Every year, millions of people get vaccinated around the world. After a vaccine, it can sometimes happen that side effects, most of them mild, appear. But then, how to recognize them, how to monitor them and who to contact?
What may be the side effects?
After a vaccine, the vaccinated person may have redness, pain and/or slight swelling where the vaccine was injected. Your child may also have a headache, fever, body aches, or be a little drowsy or cranky. It is also possible that he has less of an appetite than usual.
These reactions are common and do not last more than two days. If you observe one or more of these symptoms, there is nothing to worry about, it is quite normal.
In which cases should I be concerned?
On the other hand, there are certain cases in which you will need to contact your doctor: high fever – either greater than or equal to 39º -, skin rash or inconsolable crying for example. This will also be the case if your infant is unusually listless or sleepy, or if a very large and painful inflammation appears at the injection site and gets worse.
What to do in the first place?
In case of fever, uncover the child, give him something to drink, do not heat the room too much.
In case of pain, difficulty falling asleep, grumpy child, do not hesitate to give it a form of paracetamol according to the recommendations of your doctor. With some exceptions, this medication should not be given preventively or routinely.

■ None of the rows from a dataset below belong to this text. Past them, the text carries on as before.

(* Let $(\mathcal{F},\sigma,\partial)\subset(\mathcal{M},\sigma,\partial)$ and $\mathcal{K}=\mathcal{F}^\sigma$ be as in one of the two settings below. Let $a_1,\dots,a_n$ be nonzero elements of $\mathcal{F}$ and let $z_1,\dots,z_n\in\mathcal{M}$ satisfy $\sigma(z_i)-z_i=a_i$ for $i=1,\dots,n$. Then $z_1,\dots,z_n$ satisfy a nontrivial algebraic $\partial$-differential relation over $\mathcal{F}$ (i.e. the family $\{\partial^k z_i\}_{k\ge0,\,1\le i\le n}$ is algebraically dependent over $\mathcal{F}$) if and only if there exist a nonzero homogeneous linear differential polynomial $L(Y_1,\dots,Y_n)=\sum_{i=1}^n\sum_{k=0}^{m} c_{i,k}\,\partial^k Y_i$ with coefficients $c_{i,k}\in\mathcal{K}$ and an element $f\in\mathcal{F}$ such that $L(a_1,\dots,a_n)=\sigma(f)-f$.
   Context: Setting 1: $\mathcal{M}=\mathcal{M}er(\mathbb{C})$ is the field of meromorphic functions on $\mathbb{C}$, $\sigma=\tau:f(x)\mapsto f(x+1)$, $\partial=d/dx$; $\mathcal{P}$ is the field of $1$-periodic meromorphic functions on $\mathbb{C}$, and $\mathcal{F}\subset\mathcal{M}$ is a subfield containing $\mathcal{P}(x)$, stable under $\tau,\tau^{-1},\partial$; then $\mathcal{K}=\mathcal{P}$. Setting 2: fix $q\in\mathbb{C}$ with $|q|\neq1$; $\mathcal{M}=\mathcal{M}er(\mathbb{C}^* )$, $\sigma=\sigma_q:f(x)\mapsto f(qx)$, $\partial=x\,d/dx$; $\mathcal{E}_q$ is the field of $\sigma_q$-invariant meromorphic functions on $\mathbb{C}^*$, and $\mathcal{F}\subset\mathcal{M}$ is a subfield containing $\mathcal{E}_q(x)$, stable under $\sigma_q,\sigma_q^{-1},\partial$; then $\mathcal{K}=\mathcal{E}_q$. *)

theory Defs
  imports "HOL-Analysis.Analysis"
begin

text \<open>Meromorphic functions on an open set S (values at the poles are irrelevant):
  near every point z of S, f is g(w)/(w-z)^n with g holomorphic.\<close>
definition mero_on :: "complex set \<Rightarrow> (complex \<Rightarrow> complex) \<Rightarrow> bool" where
  "mero_on S f \<longleftrightarrow> (\<forall>z\<in>S. \<exists>r>0. ball z r \<subseteq> S \<and>
     (\<exists>(n::nat) g. g holomorphic_on ball z r \<and>
        (\<forall>w\<in>ball z r - {z}. f w = g w / (w - z) ^ n)))"

text \<open>Equality as meromorphic functions on S: agreement on a punctured neighbourhood of
  every point of S (i.e. outside a discrete closed subset of S).\<close>
definition meq :: "complex set \<Rightarrow> (complex \<Rightarrow> complex) \<Rightarrow> (complex \<Rightarrow> complex) \<Rightarrow> bool" where
  "meq S f g \<longleftrightarrow> (\<forall>z\<in>S. eventually (\<lambda>w. f w = g w) (at z))"

text \<open>A subfield of the field of meromorphic functions on S, represented as the union of
  its equivalence classes (saturated w.r.t. meq).\<close>
definition mero_subfield :: "complex set \<Rightarrow> (complex \<Rightarrow> complex) set \<Rightarrow> bool" where
  "mero_subfield S F \<longleftrightarrow>
     F \<subseteq> {f. mero_on S f} \<and>
     (\<forall>f\<in>F. \<forall>g. mero_on S g \<and> meq S g f \<longrightarrow> g \<in> F) \<and>
     (\<lambda>_. 0) \<in> F \<and> (\<lambda>_. 1) \<in> F \<and>
     (\<forall>f\<in>F. \<forall>g\<in>F. (\<lambda>w. f w + g w) \<in> F \<and> (\<lambda>w. f w * g w) \<in> F) \<and>
     (\<forall>f\<in>F. (\<lambda>w. - f w) \<in> F) \<and>
     (\<forall>f\<in>F. \<not> meq S f (\<lambda>_. 0) \<longrightarrow> (\<lambda>w. inverse (f w)) \<in> F)"

definition tau :: "(complex \<Rightarrow> complex) \<Rightarrow> complex \<Rightarrow> complex" where
  "tau f = (\<lambda>w. f (w + 1))"

definition tau_inv :: "(complex \<Rightarrow> complex) \<Rightarrow> complex \<Rightarrow> complex" where
  "tau_inv f = (\<lambda>w. f (w - 1))"
lemma argmax_prob_in_prob_simplex:
  fixes F :: "'a \<Rightarrow> 'i::finite \<Rightarrow> real"
  assumes [measurable]: "\<And>x. (\<lambda>\<omega>. F \<omega> x) \<in> borel_measurable M"
    and "AE \<omega> in M. \<exists>!x. \<forall>y. F \<omega> y \<le> F \<omega> x"
  shows "(\<chi> x. prob (argmax_event M F x)) \<in> prob_simplex"
proof -
  have "(\<Sum>x\<in>UNIV. prob (argmax_event M F x)) = (\<Sum>x\<in>UNIV. expectation (indicator (argmax_event M F x)))"
    by simp
  also have "\<dots> = expectation (\<lambda>\<omega>. \<Sum>x\<in>UNIV. indicator (argmax_event M F x) \<omega>)"
    using argmax_event_in_sets[OF assms(1)]
    by (intro Bochner_Integration.integral_sum[symmetric] integrable_real_indicator)
      (simp_all add: less_top[symmetric])
  also have "\<dots> = expectation (\<lambda>\<omega>. 1)"
    using AE_argmax_event_partition[OF assms(2)] by (intro integral_cong_AE) auto
  also have "\<dots> = 1"
    by (simp add: prob_space)
  finally show ?thesis
    unfolding prob_simplex_def by simp
qed

lemma expectation_Max_le_Vfun:
  fixes F :: "'a \<Rightarrow> 'i::finite \<Rightarrow> real"
  assumes subg: "\<And>x. subgaussian M (\<lambda>\<omega>. F \<omega> x) (\<sigma> x)" and \<sigma>: "\<And>x. 0 \<le> \<sigma> x"
    and mean: "\<And>x. \<mu> x = expectation (\<lambda>\<omega>. F \<omega> x)"
    and unique: "AE \<omega> in M. \<exists>!x. \<forall>y. F \<omega> y \<le> F \<omega> x"
  shows "expectation (\<lambda>\<omega>. Max (range (F \<omega>))) \<le> Vfun \<mu> \<sigma> (\<chi> x. prob (argmax_event M F x))"
proof -
  have [measurable]: "(\<lambda>\<omega>. F \<omega> x) \<in> borel_measurable M" and int: "integrable M (\<lambda>\<omega>. F \<omega> x)" for x
    using subg[of x] unfolding subgaussian_def by auto
  have "(\<lambda>\<omega>. Max (range (F \<omega>))) \<in> borel_measurable M"
    using borel_measurable_Max[of UNIV "\<lambda>x \<omega>. F \<omega> x" M] by simp
  then have "expectation (\<lambda>\<omega>. Max (range (F \<omega>)))
      = expectation (\<lambda>\<omega>. \<Sum>x\<in>UNIV. F \<omega> x * indicator (argmax_event M F x) \<omega>)"
  proof (rule integral_cong_AE)
    show "(\<lambda>\<omega>. \<Sum>x\<in>UNIV. F \<omega> x * indicator (argmax_event M F x) \<omega>) \<in> borel_measurable M"
      by measurable
    show "AE \<omega> in M. Max (range (F \<omega>)) = (\<Sum>x\<in>UNIV. F \<omega> x * indicator (argmax_event M F x) \<omega>)"
      using AE_argmax_event_partition[OF unique] by (rule AE_mp) simp
  qed
  also have "\<dots> = (\<Sum>x\<in>UNIV. expectation (\<lambda>\<omega>. F \<omega> x * indicator (argmax_event M F x) \<omega>))"
    using int by (intro Bochner_Integration.integral_sum integrable_real_mult_indicator) simp_all
  also have "\<dots> \<le> (\<Sum>x\<in>UNIV. expectation (\<lambda>\<omega>. F \<omega> x) * prob (argmax_event M F x)
      + \<sigma> x * sqrt_log_term (prob (argmax_event M F x)))"
    using subg \<sigma> by (intro sum_mono subgaussian_integral_mult_indicator_le) simp_all
  also have "\<dots> = Vfun \<mu> \<sigma> (\<chi> x. prob (argmax_event M F x))"
    by (simp add: Vfun_eq_sum mean)
  finally show ?thesis .
qed

end

theorem mainTheorem7:
  fixes M :: "'b measure" and F :: "'b \<Rightarrow> 'a::finite \<Rightarrow> real"
    and \<mu> \<sigma> :: "'a \<Rightarrow> real"
  assumes "prob_space M"
    and subg: "\<And>x. subgaussian M (\<lambda>\<omega>. F \<omega> x) (\<sigma> x)"
    and mean: "\<And>x. \<mu> x = integral\<^sup>L M (\<lambda>\<omega>. F \<omega> x)"
    and sigma_nonneg: "\<And>x. 0 \<le> \<sigma> x"
  shows
    \<comment> \<open>(i)\<close>
    "(\<forall>p \<in> prob_simplex. (\<forall>x. 0 < p $ x \<and> p $ x < 1) \<and> (\<forall>x. 0 < \<sigma> x) \<longrightarrow>
        (let \<tau>s = (\<lambda>x. \<sigma> x / sqrt (- 2 * ln (p $ x))) in
           (\<forall>x. 0 < \<tau>s x) \<and>
           (\<forall>\<tau>. (\<forall>x. 0 < \<tau> x) \<longrightarrow> Vtau \<mu> \<sigma> \<tau>s p \<le> Vtau \<mu> \<sigma> \<tau> p) \<and>
           Vtau \<mu> \<sigma> \<tau>s p = Vfun \<mu> \<sigma> p))
     \<comment> \<open>(ii)\<close>
     \<and> concave_on prob_simplex (Vfun \<mu> \<sigma>)
     \<and> ((\<forall>x. 0 < \<sigma> x) \<longrightarrow> strictly_concave_on prob_simplex (Vfun \<mu> \<sigma>))
     \<comment> \<open>(iii)\<close>
     \<and> ((AE \<omega> in M. \<exists>!x. \<forall>y. F \<omega> y \<le> F \<omega> x) \<longrightarrow>
        (let \<pi> = (\<chi> x. measure M {\<omega> \<in> space M. \<forall>y. F \<omega> y \<le> F \<omega> x}) in
           \<pi> \<in> prob_simplex \<and>
           (\<exists>p\<in>prob_simplex. (\<forall>q\<in>prob_simplex. Vfun \<mu> \<sigma> q \<le> Vfun \<mu> \<sigma> p) \<and> Vfun \<mu> \<sigma> \<pi> \<le> Vfun \<mu> \<sigma> p) \<and>
           integral\<^sup>L M (\<lambda>\<omega>. Max (range (F \<omega>))) \<le> Vfun \<mu> \<sigma> \<pi>))"
proof -
  interpret prob_space M by fact
  have F_measurable: "(\<lambda>\<omega>. F \<omega> x) \<in> borel_measurable M" for x
    using subg[of x] unfolding subgaussian_def by blast
  note argmax_prob = argmax_prob_in_prob_simplex[where F = F, OF F_measurable]
  note expectation_Max = expectation_Max_le_Vfun[where \<mu> = \<mu>, OF subg sigma_nonneg mean]
  obtain p_max where "p_max \<in> prob_simplex" "\<forall>q\<in>prob_simplex. Vfun \<mu> \<sigma> q \<le> Vfun \<mu> \<sigma> p_max"
    using Vfun_attains_max by blast
  then show ?thesis
    unfolding Let_def argmax_event_def[symmetric]
    apply (intro conjI ballI impI)
    subgoal for p by (auto intro: divide_pos_pos)
    subgoal for p using Vtau_optimal_le[of p] by auto
    subgoal for p using Vtau_optimal_eq_Vfun[of p \<mu> \<sigma>] by auto
    subgoal by (rule concave_on_Vfun[OF sigma_nonneg])
    subgoal using strictly_concave_on_Vfun by blast
    subgoal using argmax_prob by blast
    subgoal using argmax_prob by blast
    subgoal using expectation_Max by blast
    done
qed

end
lemma V0_internal_direct_sum: "internal_direct_sum scale (Vgr Y vac) (V0 scale Y vac)"
  unfolding internal_direct_sum_def
proof (intro conjI allI impI ballI)
  show "subspace (Vgr Y vac m)" for m
    unfolding Vgr_eq_homogeneous by (rule subspace_homogeneous)
  have "range (Vgr Y vac) = range homogeneous"
    unfolding Vgr_eq_homogeneous by (metis (no_types, lifting) ext minus_minus surj_def range_composition)
  then show "V0 scale Y vac = span (\<Union>m. Vgr Y vac m)"
    by (simp add: V0_eq_span_homogeneous)
next
  fix F x m
  assume "finite F" and x: "\<forall>m\<in>F. x m \<in> Vgr Y vac m" and "sum x F = 0" and "m \<in> F"
  have component: "Y (x m') (-1) (\<lambda>j. - m j) vac = (if m' = m then x m else 0)" if "m' \<in> F" for m'
  proof (cases "m' = m")
    case True
    then show ?thesis using x that homogeneous_creation unfolding Vgr_eq_homogeneous by auto
  next
    case False
    then have "(\<lambda>j. - m j) \<noteq> (\<lambda>j. - m' j)" by (metis ext minus_equation_iff)
    then show ?thesis using x that homogeneous_off_degree False unfolding Vgr_eq_homogeneous by auto
  qed
  have "0 = Y (sum x F) (-1) (\<lambda>j. - m j) vac" using \<open>sum x F = 0\<close> by simp
  also have "\<dots> = (\<Sum>m'\<in>F. if m' = m then x m else 0)"
    using component by (simp add: Y_sum_left)
  also have "\<dots> = x m" using \<open>finite F\<close> \<open>m \<in> F\<close> by simp
  finally show "x m = 0" by simp
qed

lemma Y0_Vgr:
  assumes "u \<in> Vgr Y vac m" "v \<in> Vgr Y vac n"
  shows "Y0 Y u k v \<in> Vgr Y vac (\<lambda>j. m j + n j)"
  using Y_homogeneous[OF assms(2)[unfolded Vgr_eq_homogeneous]]
  by (simp add: Y0_homogeneous[OF assms(1)[unfolded Vgr_eq_homogeneous]] Vgr_eq_homogeneous add_ac)

end

theorem proposition3p2:
  fixes scale :: "complex \<Rightarrow> 'v::ab_group_add \<Rightarrow> 'v"
    and Y :: "'v \<Rightarrow> int \<Rightarrow> ('r::finite \<Rightarrow> int) \<Rightarrow> 'v \<Rightarrow> 'v"
    and vac :: 'v
  assumes "toroidal_vertex_algebra scale Y vac"
  shows "internal_direct_sum scale (Vgr Y vac) (V0 scale Y vac)
         \<and> vertex_graded_algebra scale (V0 scale Y vac) (Y0 Y) vac (Vgr Y vac)"
proof -
  interpret toroidal_va scale Y vac
    using assms unfolding toroidal_vertex_algebra_def toroidal_va_def toroidal_va_axioms_def
    by (auto simp: Vector_Spaces.linear_iff)
  have "vac \<in> Vgr Y vac (\<lambda>_. 0)"
    using vacuum_homogeneous by (simp add: Vgr_eq_homogeneous)
  then show ?thesis
    using V0_internal_direct_sum V0_vertex_algebra Y0_Vgr
    unfolding vertex_graded_algebra_def by blast
qed

end
(* Let $M=I\times F_1\times F_2\times F_3$ with metric $g=-dt^2\oplus\phi^{2p_1}g_{F_1}\oplus\phi^{2p_2}g_{F_2}\oplus\phi^{2p_3}g_{F_3}$, where $I\subset\mathbb{R}$ is an open interval, $\phi:I\to(0,\infty)$ is smooth, $p_1,p_2,p_3\in\mathbb{R}$, and each $(F_i,g_{F_i})$ is a one-dimensional Riemannian manifold; let $\zeta=p_1+p_2+p_3$, $\eta=p_1^2+p_2^2+p_3^2$, and let $\overline\nabla$ be the semi-symmetric metric connection determined by $P=\frac{\partial}{\partial t}$. Then $(M,\overline\nabla)$ has constant scalar curvature $\overline S$ if and only if one of the following holds (with constants $c_0,c_1,c_2$): (1) $\zeta=\eta=0$ and $\overline S=-6$; (2) $\zeta=0$, $\eta\neq0$, and either $\overline S+6=0$ and $\phi$ is constant, or $\overline S+6<0$ and $\phi=c_0e^{\pm\sqrt{-\frac{\overline S+6}{\eta}}\,t}$ (there are no solutions with $\overline S+6>0$); (3) $\zeta\neq0$ and (3a) if $\overline S+6<\frac{9\zeta^2}{\eta+\zeta^2}$: $\phi=\left(c_1e^{\frac{3+\sqrt{9-\frac{(\overline S+6)(\eta+\zeta^2)}{\zeta^2}}}{2}t}+c_2e^{\frac{3-\sqrt{9-\frac{(\overline S+6)(\eta+\zeta^2)}{\zeta^2}}}{2}t}\right)^{\frac{2\zeta}{\eta+\zeta^2}}$; (3b) if $\overline S+6=\frac{9\zeta^2}{\eta+\zeta^2}$: $\phi=\left(c_1e^{\frac32t}+c_2te^{\frac32t}\right)^{\frac{2\zeta}{\eta+\zeta^2}}$; (3c) if $\overline S+6>\frac{9\zeta^2}{\eta+\zeta^2}$: $\phi=\left(c_1e^{\frac32t}\cos\left(\frac{\sqrt{-9+\frac{(\overline S+6)(\eta+\zeta^2)}{\zeta^2}}}{2}t\right)+c_2e^{\frac32t}\sin\left(\frac{\sqrt{-9+\frac{(\overline S+6)(\eta+\zeta^2)}{\zeta^2}}}{2}t\right)\right)^{\frac{2\zeta}{\eta+\zeta^2}}$.
   Context: $\nabla$ is the Levi-Civita connection of $g$, $\pi(X)=g(X,P)$, and $\overline\nabla_XY=\nabla_XY+\pi(Y)X-g(X,Y)P$. Conventions: $\overline R(X,Y)Z=\overline\nabla_X\overline\nabla_YZ-\overline\nabla_Y\overline\nabla_XZ-\overline\nabla_{[X,Y]}Z$, $\overline{\mathrm{Ric}}(X,Y)=\sum_k\varepsilon_kg(\overline R(X,E_k)Y,E_k)$, $\overline S=\sum_k\varepsilon_k\overline{\mathrm{Ric}}(E_k,E_k)$ for a local orthonormal frame $(E_k)$, $\varepsilon_k=g(E_k,E_k)$. *)

theory Defs
  imports "HOL-Analysis.Analysis"
begin

text \<open>Local coordinate calculus on an open subset of R^4 (coordinates x$0 = t, x$1, x$2, x$3).
A metric is given by its components g x i j = g(d_i, d_j) at the point x; a vector field
by its components.  Coordinate vector fields commute, so [d_i,d_j] = 0.\<close>

type_synonym metric4 = "real^4 \<Rightarrow> 4 \<Rightarrow> 4 \<Rightarrow> real"

definition pd :: "(real^4 \<Rightarrow> real) \<Rightarrow> 4 \<Rightarrow> real^4 \<Rightarrow> real" where
  "pd f i x = deriv (\<lambda>s. f (x + s *\<^sub>R axis i 1)) 0"

definition gmat :: "metric4 \<Rightarrow> real^4 \<Rightarrow> real^4^4" where
  "gmat g x = (\<chi> i j. g x i j)"

definition ginv :: "metric4 \<Rightarrow> real^4 \<Rightarrow> 4 \<Rightarrow> 4 \<Rightarrow> real" where
  "ginv g x i j = matrix_inv (gmat g x) $ i $ j"

text \<open>Christoffel symbols of the Levi-Civita connection: nabla_{d_i} d_j = sum_k Gamma k i j d_k.\<close>
definition christoffel :: "metric4 \<Rightarrow> real^4 \<Rightarrow> 4 \<Rightarrow> 4 \<Rightarrow> 4 \<Rightarrow> real" where
  "christoffel g x k i j = (1/2) * (\<Sum>l\<in>UNIV. ginv g x k l *
      (pd (\<lambda>y. g y j l) i x + pd (\<lambda>y. g y i l) j x - pd (\<lambda>y. g y i j) l x))"

text \<open>Semi-symmetric metric connection
  nablabar_X Y = nabla_X Y + pi(Y) X - g(X,Y) P, with pi(Y) = g(Y,P):
  nablabar_{d_i} d_j = sum_k ssm_conn k i j d_k.\<close>
definition ssm_conn :: "metric4 \<Rightarrow> (real^4 \<Rightarrow> 4 \<Rightarrow> real) \<Rightarrow> real^4 \<Rightarrow> 4 \<Rightarrow> 4 \<Rightarrow> 4 \<Rightarrow> real" where
  "ssm_conn g P x k i j =
     christoffel g x k i j
     + (\<Sum>l\<in>UNIV. g x j l * P x l) * (if k = i then 1 else 0)
     - g x i j * P x k"

text \<open>Curvature Rbar(X,Y)Z = nablabar_X nablabar_Y Z - nablabar_Y nablabar_X Z - nablabar_[X,Y] Z,
  on coordinate fields: Rbar(d_i,d_j)d_k = sum_l ssm_curv l i j k d_l.\<close>
definition ssm_curv :: "metric4 \<Rightarrow> (real^4 \<Rightarrow> 4 \<Rightarrow> real) \<Rightarrow> real^4 \<Rightarrow> 4 \<Rightarrow> 4 \<Rightarrow> 4 \<Rightarrow> 4 \<Rightarrow> real" where
  "ssm_curv g P x l i j k =
     pd (\<lambda>y. ssm_conn g P y l j k) i x - pd (\<lambda>y. ssm_conn g P y l i k) j x
     + (\<Sum>m\<in>UNIV. ssm_conn g P x m j k * ssm_conn g P x l i m
                 - ssm_conn g P x m i k * ssm_conn g P x l j m)"

text \<open>Ricci tensor Ricbar(X,Y) = sum_k eps_k g(Rbar(X,E_k)Y,E_k) = trace of Z |-> Rbar(X,Z)Y,
  in coordinates Ricbar_{ij} = sum_k Rbar^k_{ikj}.\<close>
definition ssm_ricci :: "metric4 \<Rightarrow> (real^4 \<Rightarrow> 4 \<Rightarrow> real) \<Rightarrow> real^4 \<Rightarrow> 4 \<Rightarrow> 4 \<Rightarrow> real" where
  "ssm_ricci g P x i j = (\<Sum>k\<in>UNIV. ssm_curv g P x k i k j)"

definition ssm_scalar :: "metric4 \<Rightarrow> (real^4 \<Rightarrow> 4 \<Rightarrow> real) \<Rightarrow> real^4 \<Rightarrow> real" where
  "ssm_scalar g P x = (\<Sum>i\<in>UNIV. \<Sum>j\<in>UNIV. ginv g x i j * ssm_ricci g P x i j)"

text \<open>The multiply warped metric -dt^2 + phi^(2p1) ds1^2 + phi^(2p2) ds2^2 + phi^(2p3) ds3^2
  (each one-dimensional F_i in arc-length coordinate).\<close>
definition warped_metric :: "(real \<Rightarrow> real) \<Rightarrow> real \<Rightarrow> real \<Rightarrow> real \<Rightarrow> metric4" where
  "warped_metric \<phi> p1 p2 p3 x i j =
     (if i \<noteq> j then 0
      else if i = 0 then -1
      else if i = 1 then \<phi> (x $ 0) powr (2 * p1)
      else if i = 2 then \<phi> (x $ 0) powr (2 * p2)
      else \<phi> (x $ 0) powr (2 * p3))"

definition dt_field :: "real^4 \<Rightarrow> 4 \<Rightarrow> real" where
  "dt_field x k = (if k = 0 then 1 else 0)"

end

theory Submission
  imports Defs
begin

If you observe one or more of these symptoms, and you don’t know what to do, contact your doctor.
Who do I contact?
If you observe one or more of these symptoms, you are advised to contact your doctor. But you can also report these reactions to any other healthcare professional. He will then be required to report any undesirable effects potentially linked to a drug or product to the Regional Center for Pharmaceutical surveillance (CRPV) on which they depend.
In addition, patients and patient associations can also report an adverse reaction caused by a drug since June 2011 without having to go through a healthcare professional.